Because the Court finds that Defendant was not “in custody” when he was questioned, Defendant’s Motion to Suppress Statement (Doc. No. 25) is DENIED.4

IT IS SO ORDERED.

. In addition to the reasons articulated at the hearing, see Hr’g Tr. 52:6-54:3, the Court notes the following authority in support of its conclusion: United States v. Vela, No. 2:15-CR-429, 2016 WL 305219, at *2 (S.D.Tex. Jan. 25, 2016) (finding that traffic stop for violation of § 601.051 was justified by reasonable suspicion where officer's mobile database query on the defendant’s car returned an "unconfirmed” insurance status); Short v. State, No. 09-10-00489-CR, 2011 WL *5673505611, at *3 (Tex.App.-Beaumont Aug. 10, 2011) (officer’s experience with the vehicle database and his opinion that it was accurate contributed to the finding of reasonable suspicion that defendant violated § 601.051).

. In determining whether a detention subsequent to a traffic stop remains a valid Terry stop, the Fifth Circuit has held: "[W]e do not find that a detention during a valid traffic stop violates the detainees’ Fourth Amendment rights where it exceeds the amount of time needed to investigate the traffic infraction that initially caused the stop, so long as ... the facts that emerge during the police officer’s investigation of the original offense create reasonable suspicion that additional criminal activity warranting additional present investigation is afoot.” United States v. Pack, 612 F.3d 341, 358 (5th Cir.) opinion modified on denial of reh’g, 622 F.3d 383 (5th Cir.2010); see also id. (stating other factors to consider).

. The Court’s conclusion pertains only to the interrogation that occurred immediately following the traffic stop, as Mr. Broca-Martinez sat in Officer Leal’s squad car. After Agent Fiorita finished his questioning and had obtained Mr. Broca-Martinez’s consent to search the residence at 3219 Zacatecas St., Mr. Broca-Martinez was driven to the residence where he observed the officers conduct the search. Hr’g Tr. 19:5-14. At the conclusion of the search (in which officers found other undocumented immigrants in the residence), Mr. Broca-Martinez was formally arrested. If officers interrogated Mr. Broca-Martinez after completing the consent search but prior to formally arresting him, it is very possible that such an interrogation would have been custodial. But the Court need not decide whether this later interval constituted custody because Defendant’s Motion to Suppress challenged only the questioning that Agent Fiorita performed when he arrived at the traffic stop. See Def.’s Supp. Brief 5 (Doc. No. 40).

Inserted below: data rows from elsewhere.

text \<open>\<^const>\<open>qshift\<close> is the sum of the shifts \<open>f \<mapsto> (\<lambda>i j. q\<^sup>j f (i+1) j)\<close> and
  \<open>f \<mapsto> (\<lambda>i j. f i (j+1))\<close>, which q-commute; hence its powers expand with Gaussian binomials.\<close>

lemma qshift_funpow:
  assumes q: "\<And>j. q ^ Suc j \<noteq> 1"
  shows "(qshift q ^^ k) f i j = (\<Sum>l\<le>k. qbinomial q k l * q ^ (j * (k - l)) * f (i + (k - l)) (j + l))"
proof (induction k arbitrary: i j)
  case 0
  then show ?case by (simp add: qbinomial_0_right[OF q])
next
  case (Suc k)
  define F where "F l = f (i + (k - l)) (j + Suc l)" for l
  have "q ^ j * (qshift q ^^ k) f (Suc i) j
      = (\<Sum>l\<le>k. qbinomial q k l * q ^ (j * (Suc k - l)) * f (i + (Suc k - l)) (j + l))"
    unfolding Suc.IH sum_distrib_left
  proof (intro sum.cong refl)
    fix l assume "l \<in> {..k}"
    then have index: "Suc i + (k - l) = i + (Suc k - l)"
      and power: "q ^ j * q ^ (j * (k - l)) = q ^ (j * (Suc k - l))"
      by (simp_all add: Suc_diff_le flip: power_add)
    show "q ^ j * (qbinomial q k l * q ^ (j * (k - l)) * f (Suc i + (k - l)) (j + l))
        = qbinomial q k l * q ^ (j * (Suc k - l)) * f (i + (Suc k - l)) (j + l)"
      unfolding index power[symmetric] by (simp only: mult_ac)
  qed
  also have "\<dots> = (\<Sum>l\<le>Suc k. qbinomial q k l * q ^ (j * (Suc k - l)) * f (i + (Suc k - l)) (j + l))"
    by simp
  also have "\<dots> = q ^ (j * Suc k) * f (i + Suc k) j + (\<Sum>l\<le>k. qbinomial q k (Suc l) * q ^ (j * (k - l)) * F l)"
    unfolding sum.atMost_Suc_shift by (simp add: F_def qbinomial_0_right[OF q])
  finally have first: "q ^ j * (qshift q ^^ k) f (Suc i) j = \<dots>" .
  have second: "(qshift q ^^ k) f i (Suc j) = (\<Sum>l\<le>k. q ^ (k - l) * qbinomial q k l * q ^ (j * (k - l)) * F l)"
    unfolding Suc.IH F_def by (simp only: mult_Suc power_add add_Suc add_Suc_right mult_ac)
  have "(qshift q ^^ Suc k) f i j = q ^ (j * Suc k) * f (i + Suc k) j
      + (\<Sum>l\<le>k. qbinomial q (Suc k) (Suc l) * q ^ (j * (k - l)) * F l)"
    by (simp add: qshift_def first second qbinomial_Suc_Suc[OF q] sum.distrib distrib_right add.assoc)
  also have "\<dots> = (\<Sum>l\<le>Suc k. qbinomial q (Suc k) l * q ^ (j * (Suc k - l)) * f (i + (Suc k - l)) (j + l))"
    unfolding sum.atMost_Suc_shift by (simp add: F_def qbinomial_0_right[OF q])
  finally show ?case .
qed

section \<open>Absolute convergence\<close>

definition qAppell1_term ::
  "complex \<Rightarrow> complex \<Rightarrow> complex \<Rightarrow> complex \<Rightarrow> complex \<Rightarrow> complex \<Rightarrow> complex \<Rightarrow> nat \<times> nat \<Rightarrow> complex"
where
  "qAppell1_term q a b b' c x y = (\<lambda>(m, n). qpoch a q (m + n) * qpoch b q m * qpoch b' q n
     / (qpoch q q m * qpoch q q n * qpoch c q (m + n)) * x ^ m * y ^ n)"

lemma qAppell1_eq_infsum: "qAppell1 q a b b' c x y = infsum (qAppell1_term q a b b' c x y) UNIV"
  by (simp add: qAppell1_def qAppell1_term_def)

lemma norm_mult_power_le:
  fixes q z :: complex
  assumes "norm q \<le> 1"
  shows "norm (z * q ^ j) \<le> norm z"
proof -
  have "norm q ^ j \<le> 1"
    using assms by (simp add: power_le_one)
  then show ?thesis
    by (simp add: norm_mult norm_power mult_left_le)
qed

lemma norm_one_minus_mult_power_ge:
  fixes q z :: complex
  assumes "norm q \<le> 1"
  shows "1 - norm z \<le> norm (1 - z * q ^ j)"
  using norm_mult_power_le[OF assms, of z j] norm_triangle_ineq2[of 1 "z * q ^ j"] by simp

lemma norm_qpoch_le:
  assumes "norm q \<le> 1"
  shows "norm (qpoch z q m) \<le> (1 + norm z) ^ m"
proof -
  have "norm (qpoch z q m) \<le> (\<Prod>j<m. norm (1 - z * q ^ j))"
    unfolding qpoch_def by (rule norm_prod_le)
  also have "\<dots> \<le> (\<Prod>j<m. 1 + norm z)"
  proof (intro prod_mono conjI norm_ge_zero)
    fix j
    show "norm (1 - z * q ^ j) \<le> 1 + norm z"
      using norm_triangle_ineq4[of 1 "z * q ^ j"] norm_mult_power_le[OF assms, of z j] by simp
  qed
  finally show ?thesis by simp
qed

lemma norm_qpoch_ge:
  assumes "0 \<le> d" "\<And>j. d \<le> norm (1 - z * q ^ j)"
  shows "d ^ m \<le> norm (qpoch z q m)"
proof -
  have "d ^ m = (\<Prod>j<m. d)" by simp
  also have "\<dots> \<le> (\<Prod>j<m. norm (1 - z * q ^ j))"
    using assms by (intro prod_mono) auto
  also have "\<dots> = norm (qpoch z q m)"
    unfolding qpoch_def by (rule prod_norm)
  finally show ?thesis .
qed

lemma norm_qAppell1_term_le:
  fixes q a b b' c x y :: complex
  assumes q: "norm q < 1" and d: "0 < d" "\<And>j. d \<le> norm (1 - c * q ^ j)"
    and A: "norm a \<le> A" "norm b \<le> A" "norm b' \<le> A"
  shows "norm (qAppell1_term q a b b' c x y (m, n))
    \<le> ((1 + A)\<^sup>2 / ((1 - norm q) * d) * norm x) ^ m * ((1 + A)\<^sup>2 / ((1 - norm q) * d) * norm y) ^ n"
proof -
  define B where "B = 1 + A"
  define D where "D = (1 - norm q) * d"
  have "0 \<le> A" using A(1) norm_ge_zero[of a] by linarith
  then have B: "1 \<le> B" by (simp add: B_def)
  have D: "0 < D" using q d by (simp add: D_def)
  have numerator: "norm (qpoch a q (m + n) * qpoch b q m * qpoch b' q n) \<le> (B\<^sup>2) ^ (m + n)"
  proof -
    have "norm (qpoch a q (m + n) * qpoch b q m * qpoch b' q n) \<le> B ^ (m + n) * B ^ m * B ^ n"
      unfolding norm_mult B_def using q A \<open>0 \<le> A\<close>
      by (intro mult_mono order_trans[OF norm_qpoch_le] power_mono) auto
    also have "\<dots> = (B\<^sup>2) ^ (m + n)"
      by (simp add: power2_eq_square power_add power_mult_distrib)
    finally show ?thesis .
  qed
  have denominator: "D ^ (m + n) \<le> norm (qpoch q q m * qpoch q q n * qpoch c q (m + n))"
  proof -
    have "D ^ (m + n) = (1 - norm q) ^ m * (1 - norm q) ^ n * d ^ (m + n)"
      by (simp add: D_def power_mult_distrib power_add)
    also have "\<dots> \<le> norm (qpoch q q m) * norm (qpoch q q n) * norm (qpoch c q (m + n))"
      using q d norm_one_minus_mult_power_ge[of q q]
      by (intro mult_mono norm_qpoch_ge) auto
    finally show ?thesis by (simp add: norm_mult)
  qed
  have "norm (qAppell1_term q a b b' c x y (m, n))
      = norm (qpoch a q (m + n) * qpoch b q m * qpoch b' q n)
        / norm (qpoch q q m * qpoch q q n * qpoch c q (m + n)) * norm x ^ m * norm y ^ n"
    by (simp add: qAppell1_term_def norm_mult norm_divide norm_power)
  also have "\<dots> \<le> (B\<^sup>2) ^ (m + n) / D ^ (m + n) * norm x ^ m * norm y ^ n"
    using numerator denominator D by (intro mult_right_mono frac_le) auto
  also have "\<dots> = (B\<^sup>2 / D * norm x) ^ m * (B\<^sup>2 / D * norm y) ^ n"
    by (simp add: power_add power_mult_distrib power_divide)
  finally show ?thesis by (simp add: B_def D_def)
qed

lemma summable_on_product_nonneg:
  fixes f g :: "'a \<Rightarrow> real"
  assumes "f summable_on A" "g summable_on B" "\<And>x. x \<in> A \<Longrightarrow> 0 \<le> f x" "\<And>y. y \<in> B \<Longrightarrow> 0 \<le> g y"
  shows "(\<lambda>(x, y). f x * g y) summable_on A \<times> B"
proof (rule summable_on_SigmaI[where g = "\<lambda>x. f x * infsum g B"])
  show "((\<lambda>y. case (x, y) of (x, y) \<Rightarrow> f x * g y) has_sum f x * infsum g B) B" for x
    using has_sum_cmult_right[OF has_sum_infsum[OF assms(2)]] by simp
  show "(\<lambda>x. f x * infsum g B) summable_on A"
    by (rule summable_on_cmult_left[OF assms(1)])
qed (use assms in auto)

lemma geometric_summable_on:
  fixes r :: real
  assumes "0 \<le> r" "r < 1"
  shows "(\<lambda>n. r ^ n) summable_on UNIV"
  using assms by (simp add: summable_on_UNIV_nonneg_real_iff summable_geometric)

lemma qAppell1_term_summable:
  fixes q a b b' c x y :: complex
  assumes q: "norm q < 1" and d: "0 < d" "\<And>j. d \<le> norm (1 - c * q ^ j)"
    and A: "norm a \<le> A" "norm b \<le> A" "norm b' \<le> A"
    and x: "norm x * (1 + A)\<^sup>2 < (1 - norm q) * d" and y: "norm y * (1 + A)\<^sup>2 < (1 - norm q) * d"
  shows "qAppell1_term q a b b' c x y summable_on UNIV"
proof -
  define \<rho> where "\<rho> = (1 + A)\<^sup>2 / ((1 - norm q) * d)"
  have D: "0 < (1 - norm q) * d" using q d by simp
  have \<rho>: "0 \<le> \<rho>" "\<rho> * norm x < 1" "\<rho> * norm y < 1"
    using D x y by (simp_all add: \<rho>_def field_simps)
  have "(\<lambda>(m, n). (\<rho> * norm x) ^ m * (\<rho> * norm y) ^ n) summable_on UNIV \<times> UNIV"
    using \<rho> by (intro summable_on_product_nonneg geometric_summable_on) auto
  then have "(\<lambda>(m, n). (\<rho> * norm x) ^ m * (\<rho> * norm y) ^ n) summable_on UNIV"
    by simp
  then have "(\<lambda>p. norm (qAppell1_term q a b b' c x y p)) summable_on UNIV"
  proof (rule summable_on_comparison_test[OF _ _ norm_ge_zero])
    fix p :: "nat \<times> nat"
    show "norm (qAppell1_term q a b b' c x y p) \<le> (case p of (m, n) \<Rightarrow> (\<rho> * norm x) ^ m * (\<rho> * norm y) ^ n)"
      using norm_qAppell1_term_le[OF q d A] by (cases p) (simp add: \<rho>_def)
  qed
  then show ?thesis
    by (rule abs_summable_summable)
qed

section \<open>The contiguous relation\<close>

lemma has_sum_reindex_vanishing:
  assumes "inj h" and "\<And>p. p \<notin> range h \<Longrightarrow> f p = 0" and "((f \<circ> h) has_sum s) UNIV"
  shows "(f has_sum s) UNIV"
proof -
  have "(f has_sum s) (range h)"
    using has_sum_reindex[OF assms(1)] assms(3) by blast
  then show ?thesis
    by (rule has_sum_cong_neutral[THEN iffD1, rotated -1]) (use assms(2) in auto)
qed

. In Defendant's Supplemental Brief (Doc. No. 40), Defendant argues that, even if he was not in custody for purposes of Miranda, his incriminating statements and his consent to search the residence were obtained in violation of the Due Process Clause because he did not offer them voluntarily. It is true that even non-custodial confessions and consents can be deemed involuntary. See Beckwith v. United States, 425 U.S. 341, 347-48, 96 S.Ct. 1612, 48 L.Ed.2d 1 (1976) (noting that noncustodial involuntary statements can occur where " 'the behavior of ... law enforcement officials was such as to overbear [the suspect’s] will to resist and bring about confessions not freely self-determined’ ”) (quoting Rogers v. Richmond, 365 U.S. 534, 544, 81 S.Ct. 735, 5 L.Ed.2d 760 (1961)). However, the Court does not find that the circumstances of Mr. Broca-Martinez’s questioning rise to the level of coerciveness necessary to exclude his statements or his consent on that basis.